К раненым он относился более или менее терпимо. Но к тем больным, которые не имели счастья получить на фронте пулевое или осколочное ранение, а подцепили дизентерию, тиф, туберкулёз, заработали радикулит в окопной сырости, язву желудка от походных кухонь, граф презирал и считал симулянтами.

В госпитали граф любил нагрянуть неожиданно, как лиса в курятник. Точная дата визита превосходительства стала известна всего за сутки, и то случайно. Накануне чиновник министерства, приятель главного врача, шепнул ему за вистом, предупредил.

Всю ночь в коридорах шумно работали полотёры, не давали раненым спать. Ещё до рассвета сестёр отправили гладить бельё. Не хватало матрасов. Со склада привезли старые чехлы. Их поспешно штопали и набивали соломой.

Раненых, лежавших в коридоре, следовало разместить по палатам. Стали сдвигать койки, и несколько тут же сломались. Кинулись искать столяра. Нашли, но он был пьян. Накануне вечером праздновал день ангела своей супруги, причём в гостях у него были три приятеля, госпитальных санитара, которые тоже не успели протрезветь к утру. К обычному госпитальному букету запахов примешался дух перегара. Из кухни воняло пригоревшей кашей, вонь не выветривалась, а нос у превосходительства был весьма чуток. Главный врач сорвался, схватил за локоть кладовщика, тряс его и кричал так, что вспотел. Бедняга кладовщик не придумал ничего лучшего, как послать старика сторожа в ближайшую галантерейную лавку за одеколоном, чтобы опрыскать все помещения. Вскоре дышать в палатах и коридорах стало невозможно. Одеколон был самый дешёвый.
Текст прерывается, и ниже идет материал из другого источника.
definition coprod_linear :: "('k::field \<Rightarrow> 'a::ab_group_add \<Rightarrow> 'a) \<Rightarrow> ('a \<Rightarrow> ('a \<times> 'a) list) \<Rightarrow> bool" where
  "coprod_linear sc D \<longleftrightarrow> (\<forall>c a b.
     tensor2_eq sc (D (sc c a + b)) (map (\<lambda>(x, y). (sc c x, y)) (D a) @ D b))"

definition infinitesimal_hom_bialgebra ::
  "('k::field \<Rightarrow> 'a::ab_group_add \<Rightarrow> 'a) \<Rightarrow> ('a \<Rightarrow> 'a \<Rightarrow> 'a) \<Rightarrow> ('a \<Rightarrow> ('a \<times> 'a) list) \<Rightarrow> ('a \<Rightarrow> 'a) \<Rightarrow> bool" where
  "infinitesimal_hom_bialgebra sc mu D \<alpha> \<longleftrightarrow>
     vector_space sc \<and>
     (\<forall>x. Vector_Spaces.linear sc sc (mu x)) \<and> (\<forall>y. Vector_Spaces.linear sc sc (\<lambda>x. mu x y)) \<and>
     Vector_Spaces.linear sc sc \<alpha> \<and>
     coprod_linear sc D \<and>
     (\<forall>x y. \<alpha> (mu x y) = mu (\<alpha> x) (\<alpha> y)) \<and>
     (\<forall>x y z. mu (\<alpha> x) (mu y z) = mu (mu x y) (\<alpha> z)) \<and>
     (\<forall>a. tensor2_eq sc (map (\<lambda>(x, y). (\<alpha> x, \<alpha> y)) (D a)) (D (\<alpha> a))) \<and>
     (\<forall>a. tensor3_eq sc
        (concat (map (\<lambda>(x, y). map (\<lambda>(u, v). (u, v, \<alpha> y)) (D x)) (D a)))
        (concat (map (\<lambda>(x, y). map (\<lambda>(u, v). (\<alpha> x, u, v)) (D y)) (D a)))) \<and>
     (\<forall>a b. tensor2_eq sc (D (mu a b))
        (map (\<lambda>(x, y). (mu (\<alpha> a) x, \<alpha> y)) (D b) @ map (\<lambda>(x, y). (\<alpha> x, mu y (\<alpha> b))) (D a)))"

definition left_hom_pre_lie :: "('a::ab_group_add \<Rightarrow> 'a \<Rightarrow> 'a) \<Rightarrow> ('a \<Rightarrow> 'a) \<Rightarrow> bool" where
  "left_hom_pre_lie m \<gamma> \<longleftrightarrow>
     (\<forall>x y. \<gamma> (m x y) = m (\<gamma> x) (\<gamma> y)) \<and>
     (\<forall>x y z. m (\<gamma> x) (m y z) - m (m x y) (\<gamma> z) = m (\<gamma> y) (m x z) - m (m y x) (\<gamma> z))"

text \<open>x \<bullet> y = \<alpha>(y_1) (\<alpha>(x) y_2), computed on the chosen representative of Delta y.\<close>
definition hbullet :: "('a::ab_group_add \<Rightarrow> 'a \<Rightarrow> 'a) \<Rightarrow> ('a \<Rightarrow> ('a \<times> 'a) list) \<Rightarrow> ('a \<Rightarrow> 'a) \<Rightarrow> 'a \<Rightarrow> 'a \<Rightarrow> 'a" where
  "hbullet mu D \<alpha> x y = sum_list (map (\<lambda>(y1, y2). mu (\<alpha> y1) (mu (\<alpha> x) y2)) (D y))"

end

theory Submission
  imports Defs
begin

text \<open>The coproduct is only given up to equality of tensors, so every identity in \<open>A\<close> is tested
  against linear functionals \<open>\<phi>\<close>, which separate points; \<open>\<phi>\<close> applied to a product then becomes a
  bilinear (or trilinear) form evaluated on a coproduct, to which the axioms of \<open>\<Delta>\<close> apply.
  Multiplicativity of \<open>\<alpha>\<^sup>3\<close> holds because \<open>\<alpha>\<close> commutes with \<open>\<mu>\<close> and \<open>\<Delta>\<close>.
  For the pre-Lie identity, expand \<open>\<alpha>\<^sup>3(x) \<bullet> (y \<bullet> z) = \<Sum> \<alpha>(w\<^sub>1)(\<alpha>\<^sup>4(x) w\<^sub>2)\<close> with
  \<open>w = \<alpha>(z\<^sub>1)(\<alpha>(y) z\<^sub>2)\<close> by the derivation rule for \<open>\<Delta>\<close>, applied twice. Of the three resulting
  terms one is \<open>(x \<bullet> y) \<bullet> \<alpha>\<^sup>3(z)\<close>; after Hom-associativity and Hom-coassociativity the other two are
  \<open>S(x,y)\<close> and \<open>S(y,x)\<close>, where \<open>S(x,y) = \<Sum> \<alpha>\<^sup>3(z\<^sub>1\<^sub>1)(\<alpha>\<^sup>4(x)(\<alpha>(z\<^sub>1\<^sub>2)(\<alpha>\<^sup>2(y) \<alpha>(z\<^sub>2))))\<close>.
  Hence the Hom-associator \<open>\<alpha>\<^sup>3(x) \<bullet> (y \<bullet> z) - (x \<bullet> y) \<bullet> \<alpha>\<^sup>3(z)\<close> is symmetric in \<open>x\<close> and \<open>y\<close>.\<close>

lemma vector_space_field_mult: "vector_space ((*) :: 'k::field \<Rightarrow> 'k \<Rightarrow> 'k)"
  by unfold_locales (auto simp: algebra_simps)

lemma linear_sum_list:
  assumes "Vector_Spaces.linear s1 s2 f"
  shows "f (sum_list xs) = sum_list (map f xs)"
proof -
  interpret Vector_Spaces.linear s1 s2 f by fact
  show ?thesis by (induction xs) (simp_all add: zero add)
qed

lemma linear_functionals_separate:
  fixes sc :: "'k::field \<Rightarrow> 'a::ab_group_add \<Rightarrow> 'a"
  assumes "vector_space sc"
    and separated: "\<And>\<phi>. Vector_Spaces.linear sc (*) \<phi> \<Longrightarrow> \<phi> p = \<phi> q"
  shows "p = q"
proof (rule ccontr)
  assume "p \<noteq> q"
  interpret vector_space_pair sc "(*) :: 'k \<Rightarrow> 'k \<Rightarrow> 'k"
    using assms(1) vector_space_field_mult by (simp add: vector_space_pair_def)
  have "vs1.independent {p - q}"
    using \<open>p \<noteq> q\<close> by (simp add: vs1.independent_insert vs1.span_empty)
  then obtain g where g: "Vector_Spaces.linear sc (*) g" "g (p - q) = 1"
    using linear_independent_extend[of "{p - q}" "\<lambda>_. 1"] by auto
  then have "g p - g q = 1"
    by (simp add: linear_diff)
  with separated[OF g(1)] show False by simp
qed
Михаил Владимирович столкнулся с Таней на лестнице. Она неслась вниз со стопкой историй болезни, при этом голова её была повёрнута назад, она кричала сестре Арине, стоявшей сверху:

— Ещё два травматических невротика из пятой офицерской!

Профессор поймал дочь на лету. Щёки её пылали, над верхней губой выступили капельки пота.

— Что ты бегаешь?

— Арсений Кириллович договорился в Обуховской, они возьмут наших невротиков, у них места есть!

— Что ты бегаешь? — повторил профессор и слегка потряс Таню за плечи.

— Так ведь превосходительство… — растерянно прошептала Таня, как будто просыпаясь.